• EXERCISE PROMPT: Your answer must consist of the lines running from the one that holds "unfolding at_left_PInf filterlim_filtermap" to the end of the data, copied exactly.

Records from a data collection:
(* Let $V(x,y)=V_0(x)I_2$ with $V_0$ real-valued, integrable and compactly supported, and $\hat V_0(\xi)=\int V_0(x)e^{-i\xi x}dx$. For $E\in\mathbb R$ and $m=(n,\epsilon_m),p=(q,\epsilon_p)\in M(E)$: (i) if $n\ne q$ then $\hat S^{\mathrm{lin}}_{m,p}(E)=0$; (ii) $\hat S^{\mathrm{lin}}_{m,m}(E)=\frac{iE}{\sqrt{E^2-2n}}\hat V_0(0)$; (iii) if $n=q\ge1$, $E>\sqrt{2n}$ and $\epsilon_m\ne\epsilon_p$, then $\int\overline{\phi_m(y;E)}^T\phi_p(y;E)dy=\sqrt{2n}/E\ne0$ and $\xi_m(E)-\xi_p(E)=\pm2\sqrt{E^2-2n}$, so $\hat S^{\mathrm{lin}}_{n+,n-}(E)=\frac{i\sqrt{2n}}{\sqrt{E^2-2n}}\hat V_0(2\sqrt{E^2-2n})$ and $\hat S^{\mathrm{lin}}_{n-,n+}(E)=\frac{i\sqrt{2n}}{\sqrt{E^2-2n}}\hat V_0(-2\sqrt{E^2-2n})$. Consequently, the transmission data $\{\hat S^{\mathrm{lin}}_{m,m}(E)\}$ determine only $\hat V_0(0)=\int V_0$, while the reflection data $\{\hat S^{\mathrm{lin}}_{n\pm,n\mp}(E):E>\sqrt{2n}\}$ for any fixed $n\ge1$ determine $\hat V_0(\xi)$ for every $\xi\neq0$.
   Context: Hermite functions $\varphi_n(y)=(2^nn!\sqrt\pi)^{-1/2}H_n(y)e^{-y^2/2}$. Modes: $M=\{(n,\pm1):n\ge1\}\cup\{(0,-1)\}$, written $n\pm$; $M(E)=\{(n,\epsilon)\in M:E^2>2n\}$. For $m=(n,\epsilon_m)$, $n\ge1$: $\xi_m(E)=\epsilon_m\sqrt{E^2-2n}$, $\phi_m(y;E)=c_m(\sqrt{2n}\varphi_{n-1},(E-\xi_m)\varphi_n)^T$, $c_m=(2n+|E-\xi_m|^2)^{-1/2}$; for $m=(0,-1)$: $\xi_m=-E$, $\phi_m=(0,\varphi_0)^T$. Linearized scattering coefficients of a bounded compactly supported Hermitian $V$: $\hat S^{\mathrm{lin}}_{m,p}(E)=\frac{iE}{\sqrt{E^2-2q}}\iint e^{-i(\xi_m(E)-\xi_p(E))x}\overline{\phi_m(y;E)}^TV(x,y)\phi_p(y;E)\,dy\,dx$ for $p=(q,\epsilon_p)$. *)

theory Defs
  imports "HOL-Analysis.Analysis"
begin

fun hermite_poly :: "nat \<Rightarrow> real \<Rightarrow> real" where
  "hermite_poly 0 y = 1"
| "hermite_poly (Suc 0) y = 2 * y"
| "hermite_poly (Suc (Suc n)) y = 2 * y * hermite_poly (Suc n) y - 2 * real (Suc n) * hermite_poly n y"

definition hermite_fun :: "nat \<Rightarrow> real \<Rightarrow> real" where
  "hermite_fun n y = (2 ^ n * fact n * sqrt pi) powr (-1/2) * hermite_poly n y * exp (- (y\<^sup>2) / 2)"

type_synonym mode = "nat \<times> int"

definition modes :: "mode set" where
  "modes = {(n, e). n \<ge> 1 \<and> (e = 1 \<or> e = -1)} \<union> {(0, -1)}"

definition modes_E :: "real \<Rightarrow> mode set" where
  "modes_E E = {m \<in> modes. E\<^sup>2 > 2 * real (fst m)}"

definition xi :: "mode \<Rightarrow> real \<Rightarrow> real" where
  "xi m E = (if fst m = 0 then - E else real_of_int (snd m) * sqrt (E\<^sup>2 - 2 * real (fst m)))"

definition vec2 :: "complex \<Rightarrow> complex \<Rightarrow> complex ^ 2" where
  "vec2 a b = (\<chi> i. if i = 1 then a else b)"

definition phi :: "mode \<Rightarrow> real \<Rightarrow> real \<Rightarrow> complex ^ 2" where
  "phi m E y =
     (if fst m = 0 then vec2 0 (complex_of_real (hermite_fun 0 y))
      else (let n = fst m; c = (2 * real n + \<bar>E - xi m E\<bar>\<^sup>2) powr (-1/2) in
            vec2 (complex_of_real (c * sqrt (2 * real n) * hermite_fun (n - 1) y))
                 (complex_of_real (c * (E - xi m E) * hermite_fun n y))))"

definition cdot2 :: "complex ^ 2 \<Rightarrow> complex ^ 2 \<Rightarrow> complex" where
  "cdot2 u w = (\<Sum>i\<in>UNIV. cnj (u $ i) * w $ i)"

definition S_lin :: "(real \<Rightarrow> real \<Rightarrow> complex ^ 2 ^ 2) \<Rightarrow> real \<Rightarrow> mode \<Rightarrow> mode \<Rightarrow> complex" where
  "S_lin V E m p =
     \<i> * complex_of_real E / complex_of_real (sqrt (E\<^sup>2 - 2 * real (fst p))) *
     (LINT x|lborel. LINT y|lborel.
        exp (- \<i> * complex_of_real ((xi m E - xi p E) * x)) * cdot2 (phi m E y) (V x y *v phi p E y))"

definition scalar_pot :: "(real \<Rightarrow> real) \<Rightarrow> real \<Rightarrow> real \<Rightarrow> complex ^ 2 ^ 2" where
  "scalar_pot V0 x y = mat (complex_of_real (V0 x))"

definition fourier :: "(real \<Rightarrow> real) \<Rightarrow> real \<Rightarrow> complex" where
  "fourier V0 \<xi> = (LINT x|lborel. complex_of_real (V0 x) * exp (- \<i> * complex_of_real (\<xi> * x)))"

definition admissible :: "(real \<Rightarrow> real) \<Rightarrow> bool" where
  "admissible V0 \<longleftrightarrow> integrable lborel V0 \<and> (\<exists>R. \<forall>x. \<bar>x\<bar> > R \<longrightarrow> V0 x = 0)"

end

theory Submission
  imports Defs "HOL-Probability.Distributions" "HOL-Real_Asymp.Real_Asymp"
    "HOL-Computational_Algebra.Polynomial"
begin

text \<open>For the potential \<open>V\<^sub>0(x) I\<^sub>2\<close> the double integral separates, and every linearized
  coefficient factorizes as \<open>iE / sqrt (E\<^sup>2 - 2q)\<close> times the Fourier transform of \<open>V\<^sub>0\<close> at
  \<open>\<xi>\<^sub>m - \<xi>\<^sub>p\<close> times the \<open>L\<^sup>2(dy)\<close> overlap of \<open>\<phi>\<^sub>m\<close> and \<open>\<phi>\<^sub>p\<close>. Orthonormality of the
  Hermite functions evaluates the overlap: it is \<open>0\<close> between different levels, \<open>1\<close> on the
  diagonal, and \<open>sqrt (2n) / E\<close> between the two branches \<open>n\<plusminus>\<close> of one level, whose
  frequencies differ by \<open>\<plusminus>2 sqrt (E\<^sup>2 - 2n)\<close>. As \<open>E\<close> runs over \<open>(sqrt (2n), \<infinity>)\<close> these
  differences cover every nonzero frequency.\<close>

lemma hermite_poly_Suc:
  "hermite_poly (Suc n) y = 2 * y * hermite_poly n y - 2 * real n * hermite_poly (n - 1) y"
  by (cases n) auto

lemma hermite_poly_has_real_derivative:
  "(hermite_poly n has_real_derivative 2 * real n * hermite_poly (n - 1) y) (at y)"
proof (induction n y rule: hermite_poly.induct)
  case (3 n y)
  have "((\<lambda>y. 2 * y * hermite_poly (Suc n) y - 2 * real (Suc n) * hermite_poly n y)
          has_real_derivative
        2 * hermite_poly (Suc n) y + 2 * y * (2 * real (Suc n) * hermite_poly n y)
          - 2 * real (Suc n) * (2 * real n * hermite_poly (n - 1) y)) (at y)"
    using 3 by (auto intro!: derivative_eq_intros)
  also have "2 * hermite_poly (Suc n) y + 2 * y * (2 * real (Suc n) * hermite_poly n y)
          - 2 * real (Suc n) * (2 * real n * hermite_poly (n - 1) y)
        = 2 * real (Suc (Suc n)) * hermite_poly (Suc n) y"
    unfolding hermite_poly_Suc[of n] by (simp add: algebra_simps)
  finally show ?case by simp
qed (auto intro!: derivative_eq_intros)

lemma isCont_hermite_poly [continuous_intros]: "isCont (hermite_poly n) y"
  using hermite_poly_has_real_derivative DERIV_isCont by blast

lemma hermite_poly_eq_poly: "\<exists>p. hermite_poly n = poly p"
proof (induction n rule: less_induct)
  case (less n)
  consider "n = 0" | "n = 1" | m where "n = Suc (Suc m)"
    by (metis One_nat_def not0_implies_Suc)
  then show ?case
  proof cases
    case 1
    then show ?thesis by (intro exI[of _ "[:1:]"]) auto
  next
    case 2
    then show ?thesis by (intro exI[of _ "[:0, 2:]"]) auto
  next
    case 3
    obtain p q where "hermite_poly m = poly p" "hermite_poly (Suc m) = poly q"
      using less 3 by (metis less_Suc_eq)
    then show ?thesis
      using 3 by (intro exI[of _ "[:0, 2:] * q - smult (2 * real (Suc m)) p"]) auto
  qed
qed

lemma integrable_monomial_gaussian: "integrable lborel (\<lambda>y::real. y ^ k * exp (- y\<^sup>2))"
proof -
  have "integrable lborel (\<lambda>y. sqrt pi * (normal_density 0 (sqrt (1/2)) y * (y - 0) ^ k))"
    by (intro integrable_mult_right integrable_normal_moment) simp
  also have "(\<lambda>y. sqrt pi * (normal_density 0 (sqrt (1/2)) y * (y - 0) ^ k))
           = (\<lambda>y. y ^ k * exp (- y\<^sup>2))"
    by (simp add: fun_eq_iff normal_density_def power2_eq_square)
  finally show ?thesis .
qed

lemma integrable_poly_gaussian:
  fixes p :: "real poly"
  shows "integrable lborel (\<lambda>y. poly p y * exp (- y\<^sup>2))"
  unfolding poly_altdef sum_distrib_right mult.assoc
  by (intro Bochner_Integration.integrable_sum integrable_mult_right integrable_monomial_gaussian)

lemma poly_gaussian_tendsto_0:
  fixes p :: "real poly"
  shows "((\<lambda>y. poly p y * exp (- y\<^sup>2)) \<longlongrightarrow> 0) at_top"
    and "((\<lambda>y. poly p y * exp (- y\<^sup>2)) \<longlongrightarrow> 0) at_bot"
proof -
  have monomial: "((\<lambda>y::real. y ^ k * exp (- y\<^sup>2)) \<longlongrightarrow> 0) at_top"
                 "((\<lambda>y::real. y ^ k * exp (- y\<^sup>2)) \<longlongrightarrow> 0) at_bot" for k
    by real_asymp+
  then show "((\<lambda>y. poly p y * exp (- y\<^sup>2)) \<longlongrightarrow> 0) at_top"
            "((\<lambda>y. poly p y * exp (- y\<^sup>2)) \<longlongrightarrow> 0) at_bot"
    unfolding poly_altdef sum_distrib_right mult.assoc
    by (intro tendsto_null_sum tendsto_mult_right_zero monomial)+
qed

lemma hermite_poly_mult_eq_poly: "\<exists>r. \<forall>y. hermite_poly j y * hermite_poly k y = poly r y"
proof -
  obtain p q where "hermite_poly j = poly p" "hermite_poly k = poly q"
    using hermite_poly_eq_poly by metis
  then show ?thesis by (intro exI[of _ "p * q"]) simp
qed

lemma integrable_hermite_gaussian:
  "integrable lborel (\<lambda>y. hermite_poly j y * hermite_poly k y * exp (- y\<^sup>2))"
  using hermite_poly_mult_eq_poly[of j k] integrable_poly_gaussian by auto

lemma hermite_gaussian_tendsto_0:
  "((\<lambda>y. hermite_poly j y * hermite_poly k y * exp (- y\<^sup>2)) \<longlongrightarrow> 0) at_top"
  "((\<lambda>y. hermite_poly j y * hermite_poly k y * exp (- y\<^sup>2)) \<longlongrightarrow> 0) at_bot"
  using hermite_poly_mult_eq_poly[of j k] poly_gaussian_tendsto_0 by auto

lemma integral_deriv_eq_0_if_vanishing_at_infinity:
  fixes F f :: "real \<Rightarrow> real"
  assumes "\<And>x. (F has_real_derivative f x) (at x)" and "\<And>x. isCont f x"
    and "integrable lborel f" and "(F \<longlongrightarrow> 0) at_top" and "(F \<longlongrightarrow> 0) at_bot"
  shows "integral\<^sup>L lborel f = 0"
proof -
  have "(LBINT x=-\<infinity>..\<infinity>. f x) = 0 - 0"
  proof (rule interval_integral_FTC_integrable[where F = F])
    show "(F has_vector_derivative f x) (at x)" for x
      using assms(1) has_real_derivative_iff_has_vector_derivative by blast
    show "set_integrable lborel (einterval (-\<infinity>) \<infinity>) f"
      using assms(3) by (simp add: set_integrable_def)
    show "((F \<circ> real_of_ereal) \<longlongrightarrow> 0) (at_right (-\<infinity>))"
      unfolding at_right_MInf filterlim_filtermap using assms(5) by (simp add: o_def)
    show "((F \<circ> real_of_ereal) \<longlongrightarrow> 0) (at_left \<infinity>)"
      unfolding at_left_PInf filterlim_filtermap using assms(4) by (simp add: o_def)
  qed (use assms(2) in auto)
  then show ?thesis by (simp add: interval_lebesgue_integral_def set_lebesgue_integral_def)
qed

lemma hermite_gaussian_has_real_derivative:
  "((\<lambda>y. hermite_poly k y * exp (- y\<^sup>2))
      has_real_derivative - hermite_poly (Suc k) y * exp (- y\<^sup>2)) (at y)"
proof -
  have "((\<lambda>y. hermite_poly k y * exp (- y\<^sup>2)) has_real_derivative
          2 * real k * hermite_poly (k - 1) y * exp (- y\<^sup>2)
          + hermite_poly k y * (exp (- y\<^sup>2) * - (2 * y))) (at y)"
    by (auto intro!: derivative_eq_intros hermite_poly_has_real_derivative)
  then show ?thesis
    unfolding hermite_poly_Suc by (simp add: algebra_simps)
qed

• WRITTEN RESPONSE:
      unfolding at_left_PInf filterlim_filtermap using assms(4) by (simp add: o_def)
  qed (use assms(2) in auto)
  then show ?thesis by (simp add: interval_lebesgue_integral_def set_lebesgue_integral_def)
qed

lemma hermite_gaussian_has_real_derivative:
  "((\<lambda>y. hermite_poly k y * exp (- y\<^sup>2))
      has_real_derivative - hermite_poly (Suc k) y * exp (- y\<^sup>2)) (at y)"
proof -
  have "((\<lambda>y. hermite_poly k y * exp (- y\<^sup>2)) has_real_derivative
          2 * real k * hermite_poly (k - 1) y * exp (- y\<^sup>2)
          + hermite_poly k y * (exp (- y\<^sup>2) * - (2 * y))) (at y)"
    by (auto intro!: derivative_eq_intros hermite_poly_has_real_derivative)
  then show ?thesis
    unfolding hermite_poly_Suc by (simp add: algebra_simps)
qed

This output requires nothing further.